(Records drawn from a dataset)
◇ ◇ ◇ ◇ ◇
lemma subgroups_of_index_covered:
  assumes T: "T \<lhd> G" "finite T" and n: "0 < n"
  shows "{H. counted k H G \<and> card (rcosets H) = n} \<subseteq>
    (\<Union>s\<in>{s. s dvd card T \<and> s dvd n}. \<Union>K\<in>{K. counted k K G \<and> T \<subseteq> K \<and> card (rcosets K) = n div s}.
      {H. subgroup H G \<and> H <#> T = K})"
proof
  fix H assume "H \<in> {H. counted k H G \<and> card (rcosets H) = n}"
  then have H: "counted k H G" "card (rcosets H) = n"
    by auto
  then obtain s where "s dvd card T" "s dvd n" "card (rcosets (H <#> T)) = n div s"
    using index_set_mult_normal[OF T counted_subgroup] n card_ge_0_finite by blast
  moreover have "T \<subseteq> H <#> T"
    using subset_set_mult_right[OF counted_subgroup[OF H(1)] subgroup.subset[OF normal_imp_subgroup[OF T(1)]]] .
  ultimately show "H \<in> (\<Union>s\<in>{s. s dvd card T \<and> s dvd n}.
      \<Union>K\<in>{K. counted k K G \<and> T \<subseteq> K \<and> card (rcosets K) = n div s}. {H. subgroup H G \<and> H <#> T = K})"
    using counted_set_mult_normal[OF T(1) H(1)] counted_subgroup[OF H(1)] by blast
qed

lemma sub_count_le_sum_Mod:
  assumes rank: "rank_at_most G r" and T: "T \<lhd> G" "finite T" and n: "0 < n"
  shows "sub_count G k n \<le> 2 ^ ((r + 1) * Suc (card T) * Suc (card T)) *
    (\<Sum>s | s dvd card T. if s dvd n then sub_count (G Mod T) k (n div s) else 0)"
proof -
  define B where "B = (2::nat) ^ ((r + 1) * Suc (card T) * Suc (card T))"
  define D where "D = {s. s dvd card T}"
  define above where "above m = {K. counted k K G \<and> T \<subseteq> K \<and> card (rcosets K) = m}" for m
  define M where "M = (\<Union>s\<in>{s \<in> D. s dvd n}. above (n div s))"
  have "card T \<noteq> 0"
    using T subgroup.one_closed[OF normal_imp_subgroup] by (metis card_0_eq empty_iff)
  then have "finite D"
    unfolding D_def by simp
  have above_finite: "finite (above (n div s))" if "s \<in> {s \<in> D. s dvd n}" for s
  proof -
    have "0 < n div s"
      using that n by (auto elim!: dvdE)
    then show ?thesis
      using counted_subgroup unfolding above_def
      by (intro finite_subset[OF _ finite_subgroups_of_index[OF rank]]) auto
  qed
  have "{H. counted k H G \<and> card (rcosets H) = n} \<subseteq> (\<Union>K\<in>M. {H. subgroup H G \<and> H <#> T = K})"
    using subgroups_of_index_covered[OF T n, of k] unfolding M_def above_def D_def by simp
  moreover have "finite M"
    unfolding M_def using \<open>finite D\<close> above_finite by auto
  have fibre: "finite {H. subgroup H G \<and> H <#> T = K} \<and> card {H. subgroup H G \<and> H <#> T = K} \<le> B"
    if "K \<in> M" for K
    using that card_subgroups_set_mult_normal_eq[OF rank T] counted_subgroup
    unfolding B_def M_def above_def by blast
  ultimately have "sub_count G k n \<le> card (\<Union>K\<in>M. {H. subgroup H G \<and> H <#> T = K})"
    unfolding sub_count_def using fibre \<open>finite M\<close> by (intro card_mono) auto
  also have "\<dots> \<le> (\<Sum>K\<in>M. card {H. subgroup H G \<and> H <#> T = K})"
    using \<open>finite M\<close> by (rule card_UN_le)
  also have "\<dots> \<le> B * card M"
    using sum_bounded_above[of M _ B] fibre by (simp add: mult.commute)
  also have "\<dots> \<le> B * (\<Sum>s\<in>{s \<in> D. s dvd n}. card (above (n div s)))"
    unfolding M_def using \<open>finite D\<close> above_finite by (intro mult_left_mono card_UN_le) auto
  also have "\<dots> = B * (\<Sum>s\<in>D. if s dvd n then sub_count (G Mod T) k (n div s) else 0)"
    using \<open>finite D\<close> by (simp add: sum.inter_filter sub_count_Mod[OF T(1), symmetric] above_def)
  finally show ?thesis
    unfolding B_def D_def .
qed

lemma normal_subset_if_prime_power_index:
  assumes T: "T \<lhd> G" "finite T" and H: "subgroup H G"
    and p: "Factorial_Ring.prime (p::nat)" "\<not> p dvd card T" and index: "card (rcosets H) = p ^ j"
  shows "T \<subseteq> H"
proof -
  let ?s = "card ((\<lambda>t. H #> t) ` T)"
  have "finite (rcosets H)"
    using index p(1) by (metis card.infinite power_not_zero prime_gt_0_nat less_nat_zero_code)
  then have "?s dvd p ^ j"
    using card_rcosets_set_mult_normal[OF T(1) H] index by (metis dvd_triv_right)
  then obtain i where "?s = p ^ i"
    using divides_primepow_nat[OF p(1)] by blast
  moreover have "?s dvd card T"
    using card_rcos_image_dvd[OF normal_imp_subgroup[OF T(1)] T(2) H] .
  ultimately have "?s = 1"
    using p(2) by (metis dvd_power dvd_trans neq0_conv power_0)
  then show ?thesis
    using subset_if_card_rcos_image_eq_1[OF normal_imp_subgroup[OF T(1)] H] by blast
qed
◇ ◇ ◇ ◇ ◇
*WHAT THIS TASK INVOLVES*: Scan the data above for the word "simp". Copy every line in which it is found.

*SOLUTION TO THIS EXERCISE*:
    unfolding D_def by simp
    using subgroups_of_index_covered[OF T n, of k] unfolding M_def above_def D_def by simp
    using sum_bounded_above[of M _ B] fibre by (simp add: mult.commute)
    using \<open>finite D\<close> by (simp add: sum.inter_filter sub_count_Mod[OF T(1), symmetric] above_def)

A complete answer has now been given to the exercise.